REQUIRED ACTION:
Among these entries, how many lines contain "where"? Say the number and nothing else.

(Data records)
_ _ _ _ _ _ _

(* Let $G=(V,E)$ be a network, $s,t\in V$, and $S\in[S_{min},1]$. Run the CO-TSCMQ algorithm on $G,s,t,S$. If there exists a survivable connection from $s$ to $t$ with survivability level at least $S$, the algorithm returns a survivable connection that is an optimal solution of the CO-Constrained Survivability Min-QoS problem. Otherwise, the algorithm fails.
   Context: A network is a directed graph $G=(V,E)$, $N=|V|$, $M=|E|$. Each link $e$ has a failure probability $p_e\in(0,p_{max}]$ with $p_{max}<1$, and a positive weight $w_e$. Paths are identified with their sets of links. $P^{(s,t)}$ is the set of simple $s$–$t$ paths, and $S_{min}=(1-p_{max})^M$. A survivable connection is a pair $(\pi_1,\pi_2)\in P^{(s,t)}\times P^{(s,t)}$; the two paths may coincide. Its survivability level is $\prod_{e\in\pi_1\cap\pi_2}(1-p_e)$, equal to $1$ if $\pi_1\cap\pi_2=\emptyset$. Its CO-weight is $W_{CO}(\pi_1,\pi_2)=\sum_{e\in\pi_1\cup\pi_2}w_e$. CO-Constrained Survivability Min-QoS (CO-CSMQ) problem: find a survivable connection minimizing $W_{CO}$ subject to survivability level $\ge S$. Restricted Shortest Path (RSP) problem: given a graph in which each link has a length $l_e$ and a time $t_e$, a bound $T$, and two nodes, find a path between them minimizing $\sum l_e$ subject to $\sum t_e\le T$. CO-TSCMQ algorithm: 1. Build a multigraph $\tilde G$ on node set $V$. For each link $e=(u,v)\in E$, add a "simple link" $u\to v$ with weight $w_e$ and survivability cost $-\ln(1-p_e)$. 2. For each ordered pair of nodes $(u,v)$ for which a pair of link-disjoint $u$–$v$ paths exists, compute a pair of link-disjoint $u$–$v$ paths of minimum total weight (an edge-disjoint shortest pair, EDSPoP). Add a "disjoint link" $u\to v$ with weight equal to that total weight and survivability cost $0$. 3. Solve exactly the RSP instance on $\tilde G$ from $s$ to $t$ that minimizes total weight subject to total survivability cost $\le -\ln S$. If no feasible path exists, fail. 4. Otherwise, from the returned path $\tilde\pi$ build $(\pi_1,\pi_2)$. Each simple link contributes its original link to both $\pi_1$ and $\pi_2$. Each disjoint link contributes one path of its EDSPoP to $\pi_1$ and the other to $\pi_2$. Return $(\pi_1,\pi_2)$. *)

theory Defs
  imports Complex_Main
begin

fun walk :: "('e \<Rightarrow> 'v) \<Rightarrow> ('e \<Rightarrow> 'v) \<Rightarrow> 'e set \<Rightarrow> 'v \<Rightarrow> 'e list \<Rightarrow> 'v \<Rightarrow> bool" where
  "walk src dst E u [] v = (u = v)"
| "walk src dst E u (e # es) v = (e \<in> E \<and> src e = u \<and> walk src dst E (dst e) es v)"

definition simple_path :: "('e \<Rightarrow> 'v) \<Rightarrow> ('e \<Rightarrow> 'v) \<Rightarrow> 'e set \<Rightarrow> 'v \<Rightarrow> 'e list \<Rightarrow> 'v \<Rightarrow> bool" where
  "simple_path src dst E u es v \<longleftrightarrow> walk src dst E u es v \<and> distinct (u # map dst es)"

_ _ _ _ _ _ _

RESPONSE TO THE EXERCISE:
2